What to do: Word for word, repeat the lines of the records from the one containing "theory Defs" through the last line, both included.

Saved data entries:
++++++
(* Let $\sigma$ be a signature and $\mathcal F\in\mathbb F_\sigma$. (i) For any generalized causal team $T$ over $\sigma$: $T\models^g\Phi^{\mathcal F}$ iff $\mathcal G\sim\mathcal F$ for all $(s,\mathcal G)\in T$, iff $T^{\mathcal F}=T$. (ii) For any nonempty causal team $T=(T^-,\mathcal G)$ over $\sigma$: $T\models^c\Phi^{\mathcal F}$ iff $\mathcal G\sim\mathcal F$.
   Context: A signature $\sigma=(\mathrm{Dom},\mathrm{Ran})$: $\mathrm{Dom}$ nonempty finite set of variables, each with nonempty finite range $\mathrm{Ran}(X)$; $\mathbf X=\mathbf x$ abbreviates $X_1=x_1\wedge\dots\wedge X_n=x_n$ ($\mathbf x\in\mathrm{Ran}(\mathbf X)=\prod\mathrm{Ran}(X_i)$), inconsistent if it contains $X=x,X=x'$ with $x\neq x'$. $\mathcal{CO}[\sigma]$-formulas: $\alpha::=X=x\mid\neg\alpha\mid\alpha\wedge\alpha\mid\alpha\vee\alpha\mid\mathbf X=\mathbf x\;\Box\!\!\rightarrow\alpha$; $\alpha\supset\beta$ abbreviates $\neg\alpha\vee\beta$. Assignments $s$ on $\mathrm{Dom}$ with $s(X)\in\mathrm{Ran}(X)$. A system of functions $\mathcal F$: for each $V\in\mathrm{En}(\mathcal F)\subseteq\mathrm{Dom}$ a set $PA^{\mathcal F}_V\subseteq\mathrm{Dom}\setminus\{V\}$ and $\mathcal F_V:\mathrm{Ran}(PA^{\mathcal F}_V)\to\mathrm{Ran}(V)$; $\mathrm{Ex}(\mathcal F)=\mathrm{Dom}\setminus\mathrm{En}(\mathcal F)$; only recursive systems (acyclic parent graph), forming $\mathbb F_\sigma$. $s$ is compatible with $\mathcal F$ if $s(V)=\mathcal F_V(s(PA^{\mathcal F}_V))$ for $V\in\mathrm{En}(\mathcal F)$; $\mathbb S_\sigma$ = set of compatible pairs $(s,\mathcal F)$. For consistent $\mathbf X=\mathbf x$, $\mathcal F_{\mathbf X=\mathbf x}$ is the restriction to $\mathrm{En}(\mathcal F)\setminus\mathbf X$; $s^{\mathcal F}_{\mathbf X=\mathbf x}$: $X_i\mapsto x_i$, $V\mapsto s(V)$ for $V\in\mathrm{Ex}(\mathcal F)\setminus\mathbf X$, $V\mapsto\mathcal F_V(s^{\mathcal F}_{\mathbf X=\mathbf x}(PA^{\mathcal F}_V))$ for $V\in\mathrm{En}(\mathcal F)\setminus\mathbf X$. Causal team $T=(T^-,\mathcal F)$: $T^-$ a set of assignments compatible with $\mathcal F$; causal subteams $(S^-,\mathcal F)$, $S^-\subseteq T^-$; $T_{\mathbf X=\mathbf x}=(\{s^{\mathcal F}_{\mathbf X=\mathbf x}:s\in T^-\},\mathcal F_{\mathbf X=\mathbf x})$; $\models^c$: $T\models X=x$ iff $s(X)=x$ for all $s\in T^-$; $T\models\neg\alpha$ iff $(\{s\},\mathcal F)\not\models\alpha$ for all $s\in T^-$; $\wedge$ classical; $T\models\alpha\vee\beta$ iff there are causal subteams $T_1,T_2$ with $T_1^-\cup T_2^-=T^-$, $T_1\models\alpha$, $T_2\models\beta$; $T\models\mathbf X=\mathbf x\;\Box\!\!\rightarrow\alpha$ iff $\mathbf X=\mathbf x$ inconsistent or $T_{\mathbf X=\mathbf x}\models\alpha$. Generalized causal team: a set $T\subseteq\mathbb S_\sigma$, $T^-=\{s:(s,\mathcal F)\in T\}$, $T_{\mathbf X=\mathbf x}=\{(s^{\mathcal F}_{\mathbf X=\mathbf x},\mathcal F_{\mathbf X=\mathbf x}):(s,\mathcal F)\in T\}$; $\models^g$: same clauses except $T\models\neg\alpha$ iff $\{(s,\mathcal F)\}\not\models\alpha$ for all $(s,\mathcal F)\in T$, and $T\models\alpha\vee\beta$ iff $T=T_1\cup T_2$ with $T_1\models\alpha$, $T_2\models\beta$. $\mathrm{Cn}(\mathcal F)$ = set of $V\in\mathrm{En}(\mathcal F)$ with $\mathcal F_V$ constant. $\mathcal F_V\sim\mathcal G_V$ iff $\mathcal F_V(\mathbf x\mathbf y)=\mathcal G_V(\mathbf x\mathbf z)$ for all $\mathbf x\in\mathrm{Ran}(PA^{\mathcal F}_V\cap PA^{\mathcal G}_V)$, $\mathbf y\in\mathrm{Ran}(PA^{\mathcal F}_V\setminus PA^{\mathcal G}_V)$, $\mathbf z\in\mathrm{Ran}(PA^{\mathcal G}_V\setminus PA^{\mathcal F}_V)$. $\mathcal F\sim\mathcal G$ iff $\mathrm{En}(\mathcal F)\setminus\mathrm{Cn}(\mathcal F)=\mathrm{En}(\mathcal G)\setminus\mathrm{Cn}(\mathcal G)$ and $\mathcal F_V\sim\mathcal G_V$ for each $V$ in this set. $T^{\mathcal F}=\{(s,\mathcal G)\in T:\mathcal G\sim\mathcal F\}$. For $V\in\mathrm{Dom}$ let $\mathbf W_V$ list $\mathrm{Dom}\setminus\{V\}$. $\Phi^{\mathcal F}:=\bigwedge_{V\in\mathrm{En}(\mathcal F)\setminus\mathrm{Cn}(\mathcal F)}\eta(V)\wedge\bigwedge_{V\in\mathrm{Dom}\setminus(\mathrm{En}(\mathcal F)\setminus\mathrm{Cn}(\mathcal F))}\xi(V)$, where $\eta(V)$ is the conjunction of all formulas $(\mathbf W=\mathbf w\wedge PA^{\mathcal F}_V=\mathbf p)\;\Box\!\!\rightarrow V=\mathcal F_V(\mathbf p)$ with $\mathbf W$ listing $\mathrm{Dom}\setminus(PA^{\mathcal F}_V\cup\{V\})$, $\mathbf w\in\mathrm{Ran}(\mathbf W)$, $\mathbf p\in\mathrm{Ran}(PA^{\mathcal F}_V)$, and $\xi(V)$ is the conjunction of all formulas $V=v\supset(\mathbf W_V=\mathbf w\;\Box\!\!\rightarrow V=v)$ with $v\in\mathrm{Ran}(V)$, $\mathbf w\in\mathrm{Ran}(\mathbf W_V)$. *)

theory Defs
  imports Main "HOL-Library.FuncSet"
begin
++++++
Solution:
theory Defs
  imports Main "HOL-Library.FuncSet"
begin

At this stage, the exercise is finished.